TASK DETAILS - Your answer is to be every line of the material that includes the string "intro".

MATERIAL SUPPLIED -
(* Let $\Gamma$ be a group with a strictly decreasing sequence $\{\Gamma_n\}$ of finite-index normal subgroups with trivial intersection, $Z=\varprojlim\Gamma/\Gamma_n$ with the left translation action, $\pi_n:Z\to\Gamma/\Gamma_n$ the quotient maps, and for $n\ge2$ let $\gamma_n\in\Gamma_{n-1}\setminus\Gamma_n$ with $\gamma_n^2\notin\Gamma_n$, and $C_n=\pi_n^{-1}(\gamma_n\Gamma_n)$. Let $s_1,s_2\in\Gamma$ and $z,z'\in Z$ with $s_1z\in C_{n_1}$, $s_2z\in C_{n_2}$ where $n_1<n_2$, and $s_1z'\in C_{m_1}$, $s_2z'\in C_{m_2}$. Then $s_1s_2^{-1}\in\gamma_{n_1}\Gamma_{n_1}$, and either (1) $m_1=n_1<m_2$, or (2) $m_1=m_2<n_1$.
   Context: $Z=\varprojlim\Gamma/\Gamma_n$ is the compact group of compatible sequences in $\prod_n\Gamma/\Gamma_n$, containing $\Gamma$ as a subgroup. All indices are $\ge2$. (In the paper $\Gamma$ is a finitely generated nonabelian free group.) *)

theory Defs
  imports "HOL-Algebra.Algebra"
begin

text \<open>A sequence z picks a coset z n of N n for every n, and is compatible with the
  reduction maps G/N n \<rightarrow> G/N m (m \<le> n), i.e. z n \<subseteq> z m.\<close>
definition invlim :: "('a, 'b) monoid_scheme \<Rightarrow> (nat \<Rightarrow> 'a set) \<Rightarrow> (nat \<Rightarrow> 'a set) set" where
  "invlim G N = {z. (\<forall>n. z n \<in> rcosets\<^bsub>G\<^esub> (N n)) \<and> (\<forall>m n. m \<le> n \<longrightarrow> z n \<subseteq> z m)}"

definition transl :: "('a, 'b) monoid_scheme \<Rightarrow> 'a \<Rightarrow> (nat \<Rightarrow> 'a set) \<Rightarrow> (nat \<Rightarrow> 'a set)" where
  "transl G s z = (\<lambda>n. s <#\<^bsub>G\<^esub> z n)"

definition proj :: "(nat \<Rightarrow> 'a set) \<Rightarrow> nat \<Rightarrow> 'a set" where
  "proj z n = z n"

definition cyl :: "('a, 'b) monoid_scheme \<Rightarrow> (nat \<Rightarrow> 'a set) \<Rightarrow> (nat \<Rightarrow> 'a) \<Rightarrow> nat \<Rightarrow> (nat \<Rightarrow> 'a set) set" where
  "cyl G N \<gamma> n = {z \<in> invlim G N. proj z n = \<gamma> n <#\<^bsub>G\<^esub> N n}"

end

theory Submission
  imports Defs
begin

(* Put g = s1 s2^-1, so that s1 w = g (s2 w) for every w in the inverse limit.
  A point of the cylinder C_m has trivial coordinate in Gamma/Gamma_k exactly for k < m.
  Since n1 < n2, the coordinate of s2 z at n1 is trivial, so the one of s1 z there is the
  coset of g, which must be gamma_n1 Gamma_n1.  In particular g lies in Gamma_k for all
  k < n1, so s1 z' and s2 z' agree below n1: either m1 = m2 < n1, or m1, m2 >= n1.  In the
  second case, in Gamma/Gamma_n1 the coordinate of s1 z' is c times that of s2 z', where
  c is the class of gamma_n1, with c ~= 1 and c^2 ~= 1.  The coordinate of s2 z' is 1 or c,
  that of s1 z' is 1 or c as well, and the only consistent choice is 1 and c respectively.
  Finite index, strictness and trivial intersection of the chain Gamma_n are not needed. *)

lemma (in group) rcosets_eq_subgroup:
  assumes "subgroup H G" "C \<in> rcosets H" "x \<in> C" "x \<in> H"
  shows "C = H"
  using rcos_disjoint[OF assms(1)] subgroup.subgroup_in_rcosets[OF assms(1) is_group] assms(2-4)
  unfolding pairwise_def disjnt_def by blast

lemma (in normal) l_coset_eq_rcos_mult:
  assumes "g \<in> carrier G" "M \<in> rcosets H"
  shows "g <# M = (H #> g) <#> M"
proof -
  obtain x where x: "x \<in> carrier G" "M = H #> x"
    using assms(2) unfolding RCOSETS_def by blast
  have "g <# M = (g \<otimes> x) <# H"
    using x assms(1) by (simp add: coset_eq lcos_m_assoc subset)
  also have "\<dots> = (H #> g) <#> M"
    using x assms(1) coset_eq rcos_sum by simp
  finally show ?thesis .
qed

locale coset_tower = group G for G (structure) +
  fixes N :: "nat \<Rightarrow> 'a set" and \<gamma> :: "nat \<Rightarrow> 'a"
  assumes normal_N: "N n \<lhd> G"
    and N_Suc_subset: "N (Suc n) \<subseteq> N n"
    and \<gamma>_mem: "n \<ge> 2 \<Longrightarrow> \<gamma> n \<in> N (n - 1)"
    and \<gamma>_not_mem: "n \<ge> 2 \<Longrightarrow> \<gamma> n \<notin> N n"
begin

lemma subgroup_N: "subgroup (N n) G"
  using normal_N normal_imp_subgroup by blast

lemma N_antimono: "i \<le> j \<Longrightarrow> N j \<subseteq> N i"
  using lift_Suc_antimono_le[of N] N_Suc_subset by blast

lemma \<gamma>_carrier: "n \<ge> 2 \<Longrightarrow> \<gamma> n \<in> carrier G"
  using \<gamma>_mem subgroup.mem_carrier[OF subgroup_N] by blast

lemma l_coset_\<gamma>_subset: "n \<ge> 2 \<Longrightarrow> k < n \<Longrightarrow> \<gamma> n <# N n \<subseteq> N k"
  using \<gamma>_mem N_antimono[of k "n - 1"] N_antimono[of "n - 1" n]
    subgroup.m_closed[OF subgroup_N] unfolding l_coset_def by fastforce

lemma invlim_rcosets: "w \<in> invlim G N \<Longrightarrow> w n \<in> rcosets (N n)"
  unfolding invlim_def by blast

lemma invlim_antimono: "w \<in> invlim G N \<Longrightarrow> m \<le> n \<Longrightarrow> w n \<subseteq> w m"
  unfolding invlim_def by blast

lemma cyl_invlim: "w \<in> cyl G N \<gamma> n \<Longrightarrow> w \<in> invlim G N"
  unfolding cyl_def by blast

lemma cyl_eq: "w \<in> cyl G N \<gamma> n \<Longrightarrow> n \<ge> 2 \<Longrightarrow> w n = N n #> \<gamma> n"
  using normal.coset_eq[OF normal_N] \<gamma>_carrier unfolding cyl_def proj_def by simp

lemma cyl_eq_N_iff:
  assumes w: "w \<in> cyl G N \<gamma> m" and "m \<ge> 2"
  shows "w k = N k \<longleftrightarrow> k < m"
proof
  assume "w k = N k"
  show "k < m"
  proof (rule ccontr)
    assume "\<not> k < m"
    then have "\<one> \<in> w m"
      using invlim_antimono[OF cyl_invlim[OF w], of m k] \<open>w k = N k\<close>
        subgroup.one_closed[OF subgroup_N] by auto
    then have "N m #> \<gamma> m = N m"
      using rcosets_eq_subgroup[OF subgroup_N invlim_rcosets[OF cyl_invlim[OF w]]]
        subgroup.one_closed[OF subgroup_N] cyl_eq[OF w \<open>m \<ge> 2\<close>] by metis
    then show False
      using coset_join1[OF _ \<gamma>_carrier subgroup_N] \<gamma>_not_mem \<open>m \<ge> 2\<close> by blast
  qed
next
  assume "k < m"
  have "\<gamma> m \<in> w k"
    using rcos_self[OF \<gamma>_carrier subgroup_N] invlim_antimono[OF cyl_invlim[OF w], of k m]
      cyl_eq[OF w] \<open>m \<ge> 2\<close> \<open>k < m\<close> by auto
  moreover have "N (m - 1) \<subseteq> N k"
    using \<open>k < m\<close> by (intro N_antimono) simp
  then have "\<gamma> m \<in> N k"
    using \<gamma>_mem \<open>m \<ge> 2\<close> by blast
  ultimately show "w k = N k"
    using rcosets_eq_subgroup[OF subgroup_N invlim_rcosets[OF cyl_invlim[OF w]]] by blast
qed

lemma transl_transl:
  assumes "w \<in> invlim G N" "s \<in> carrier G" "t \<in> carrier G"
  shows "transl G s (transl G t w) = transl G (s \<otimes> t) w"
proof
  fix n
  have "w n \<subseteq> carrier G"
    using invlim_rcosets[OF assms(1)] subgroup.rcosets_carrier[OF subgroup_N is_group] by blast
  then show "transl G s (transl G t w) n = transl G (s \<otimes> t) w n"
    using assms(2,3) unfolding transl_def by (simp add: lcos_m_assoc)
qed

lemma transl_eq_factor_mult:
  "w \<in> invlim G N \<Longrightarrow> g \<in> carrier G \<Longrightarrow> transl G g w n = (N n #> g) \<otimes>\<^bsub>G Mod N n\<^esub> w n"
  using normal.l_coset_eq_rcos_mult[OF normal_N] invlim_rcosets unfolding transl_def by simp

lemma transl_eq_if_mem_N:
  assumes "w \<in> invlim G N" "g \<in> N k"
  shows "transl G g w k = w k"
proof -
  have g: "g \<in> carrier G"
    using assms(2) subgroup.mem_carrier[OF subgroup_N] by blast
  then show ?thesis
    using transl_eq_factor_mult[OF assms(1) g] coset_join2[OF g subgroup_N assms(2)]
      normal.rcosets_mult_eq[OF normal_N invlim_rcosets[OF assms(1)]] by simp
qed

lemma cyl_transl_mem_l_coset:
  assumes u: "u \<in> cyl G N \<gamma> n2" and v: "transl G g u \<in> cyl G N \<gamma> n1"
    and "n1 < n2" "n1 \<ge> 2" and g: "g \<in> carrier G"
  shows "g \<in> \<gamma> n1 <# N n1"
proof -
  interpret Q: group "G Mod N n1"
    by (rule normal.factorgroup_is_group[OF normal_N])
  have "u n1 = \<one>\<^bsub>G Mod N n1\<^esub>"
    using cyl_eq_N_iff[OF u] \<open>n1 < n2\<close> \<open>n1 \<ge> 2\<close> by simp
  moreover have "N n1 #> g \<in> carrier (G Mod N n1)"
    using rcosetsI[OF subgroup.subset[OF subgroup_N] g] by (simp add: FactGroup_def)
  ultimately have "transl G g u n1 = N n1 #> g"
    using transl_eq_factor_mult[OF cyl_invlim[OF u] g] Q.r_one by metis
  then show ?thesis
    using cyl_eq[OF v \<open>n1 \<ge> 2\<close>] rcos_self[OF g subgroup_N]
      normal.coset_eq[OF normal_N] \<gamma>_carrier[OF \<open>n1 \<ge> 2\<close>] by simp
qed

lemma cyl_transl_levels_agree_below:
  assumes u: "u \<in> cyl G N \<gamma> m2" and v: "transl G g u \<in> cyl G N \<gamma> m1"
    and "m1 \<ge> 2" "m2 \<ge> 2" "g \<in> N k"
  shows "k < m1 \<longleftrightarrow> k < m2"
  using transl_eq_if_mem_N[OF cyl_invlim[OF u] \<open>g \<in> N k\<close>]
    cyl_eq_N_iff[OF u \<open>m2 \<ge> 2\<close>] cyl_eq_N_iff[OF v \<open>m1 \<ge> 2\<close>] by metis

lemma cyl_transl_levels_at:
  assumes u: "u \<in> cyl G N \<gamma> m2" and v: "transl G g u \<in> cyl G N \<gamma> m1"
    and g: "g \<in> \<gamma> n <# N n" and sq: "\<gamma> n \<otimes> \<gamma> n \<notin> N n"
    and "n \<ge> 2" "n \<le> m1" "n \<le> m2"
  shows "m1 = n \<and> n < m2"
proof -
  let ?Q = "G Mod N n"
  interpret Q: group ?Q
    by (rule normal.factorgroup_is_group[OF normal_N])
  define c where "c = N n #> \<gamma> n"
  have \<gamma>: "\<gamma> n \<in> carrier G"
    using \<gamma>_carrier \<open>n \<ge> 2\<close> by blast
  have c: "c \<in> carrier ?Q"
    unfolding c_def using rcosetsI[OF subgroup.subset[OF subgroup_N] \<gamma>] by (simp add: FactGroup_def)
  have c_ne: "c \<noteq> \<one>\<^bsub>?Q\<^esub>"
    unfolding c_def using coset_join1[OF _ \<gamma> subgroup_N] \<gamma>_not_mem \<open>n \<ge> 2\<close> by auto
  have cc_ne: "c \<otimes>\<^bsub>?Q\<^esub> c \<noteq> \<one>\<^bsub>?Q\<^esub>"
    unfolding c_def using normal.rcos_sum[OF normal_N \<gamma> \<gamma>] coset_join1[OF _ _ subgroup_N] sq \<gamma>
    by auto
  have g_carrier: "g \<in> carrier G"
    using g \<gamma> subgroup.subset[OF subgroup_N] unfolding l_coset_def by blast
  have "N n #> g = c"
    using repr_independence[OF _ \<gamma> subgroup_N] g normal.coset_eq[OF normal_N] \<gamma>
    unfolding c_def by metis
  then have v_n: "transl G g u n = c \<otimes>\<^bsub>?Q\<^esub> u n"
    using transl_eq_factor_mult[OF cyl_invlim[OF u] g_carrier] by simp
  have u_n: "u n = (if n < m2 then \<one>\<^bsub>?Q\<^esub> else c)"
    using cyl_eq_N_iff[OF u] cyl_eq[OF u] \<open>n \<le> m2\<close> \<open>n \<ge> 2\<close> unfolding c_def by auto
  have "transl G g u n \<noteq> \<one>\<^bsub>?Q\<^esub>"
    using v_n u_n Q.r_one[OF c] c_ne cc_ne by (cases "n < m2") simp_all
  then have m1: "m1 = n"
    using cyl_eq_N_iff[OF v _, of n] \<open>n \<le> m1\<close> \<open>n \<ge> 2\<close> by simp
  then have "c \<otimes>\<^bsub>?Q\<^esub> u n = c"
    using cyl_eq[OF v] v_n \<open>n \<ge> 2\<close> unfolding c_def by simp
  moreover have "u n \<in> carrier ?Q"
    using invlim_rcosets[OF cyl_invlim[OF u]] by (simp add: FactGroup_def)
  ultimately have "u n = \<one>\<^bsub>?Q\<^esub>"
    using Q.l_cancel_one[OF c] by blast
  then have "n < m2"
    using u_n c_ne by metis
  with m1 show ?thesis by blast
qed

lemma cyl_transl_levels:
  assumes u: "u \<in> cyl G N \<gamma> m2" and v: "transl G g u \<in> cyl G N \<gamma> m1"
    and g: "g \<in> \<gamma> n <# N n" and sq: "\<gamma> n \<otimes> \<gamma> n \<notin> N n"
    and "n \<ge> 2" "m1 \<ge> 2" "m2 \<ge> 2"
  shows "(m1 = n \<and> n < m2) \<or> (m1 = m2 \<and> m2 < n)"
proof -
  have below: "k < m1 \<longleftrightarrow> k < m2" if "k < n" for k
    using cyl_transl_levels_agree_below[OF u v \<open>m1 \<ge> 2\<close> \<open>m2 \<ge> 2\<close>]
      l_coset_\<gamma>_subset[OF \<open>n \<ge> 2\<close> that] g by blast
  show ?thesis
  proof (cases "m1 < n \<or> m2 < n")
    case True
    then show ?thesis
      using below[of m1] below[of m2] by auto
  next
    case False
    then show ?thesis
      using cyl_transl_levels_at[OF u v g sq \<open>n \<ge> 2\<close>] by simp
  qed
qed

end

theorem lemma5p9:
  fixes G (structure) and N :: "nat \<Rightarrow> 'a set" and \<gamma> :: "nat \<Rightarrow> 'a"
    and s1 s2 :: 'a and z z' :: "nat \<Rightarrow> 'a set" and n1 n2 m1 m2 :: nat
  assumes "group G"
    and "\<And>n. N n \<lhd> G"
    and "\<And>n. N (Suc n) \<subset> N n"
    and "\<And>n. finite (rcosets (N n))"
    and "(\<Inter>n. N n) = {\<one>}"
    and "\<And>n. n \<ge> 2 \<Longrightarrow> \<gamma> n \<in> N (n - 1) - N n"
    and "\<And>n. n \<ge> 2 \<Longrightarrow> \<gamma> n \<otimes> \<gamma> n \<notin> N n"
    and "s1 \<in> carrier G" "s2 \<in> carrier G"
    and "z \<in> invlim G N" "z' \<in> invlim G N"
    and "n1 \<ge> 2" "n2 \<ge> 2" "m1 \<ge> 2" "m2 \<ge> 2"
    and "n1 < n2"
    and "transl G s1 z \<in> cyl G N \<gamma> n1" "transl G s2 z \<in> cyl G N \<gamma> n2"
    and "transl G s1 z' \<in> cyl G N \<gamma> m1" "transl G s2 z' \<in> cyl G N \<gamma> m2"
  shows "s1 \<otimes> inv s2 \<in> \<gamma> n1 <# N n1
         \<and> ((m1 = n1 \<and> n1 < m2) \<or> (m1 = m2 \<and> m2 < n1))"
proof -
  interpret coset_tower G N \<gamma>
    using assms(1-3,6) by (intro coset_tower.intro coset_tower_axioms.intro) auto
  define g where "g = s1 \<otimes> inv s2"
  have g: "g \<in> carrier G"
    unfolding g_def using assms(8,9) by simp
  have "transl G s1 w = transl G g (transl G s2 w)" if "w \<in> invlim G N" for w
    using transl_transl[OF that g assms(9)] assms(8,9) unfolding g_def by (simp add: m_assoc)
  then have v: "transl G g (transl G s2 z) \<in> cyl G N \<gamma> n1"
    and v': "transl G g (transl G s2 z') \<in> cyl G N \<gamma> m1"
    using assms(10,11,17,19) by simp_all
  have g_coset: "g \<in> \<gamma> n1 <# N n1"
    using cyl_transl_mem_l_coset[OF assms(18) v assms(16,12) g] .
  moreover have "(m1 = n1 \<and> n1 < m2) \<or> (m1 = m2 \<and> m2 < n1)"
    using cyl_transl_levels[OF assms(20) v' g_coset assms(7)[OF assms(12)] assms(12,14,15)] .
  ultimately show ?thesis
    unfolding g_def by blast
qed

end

OUTPUT OF THE TASK -
    using \<open>k < m\<close> by (intro N_antimono) simp
    using assms(1-3,6) by (intro coset_tower.intro coset_tower_axioms.intro) auto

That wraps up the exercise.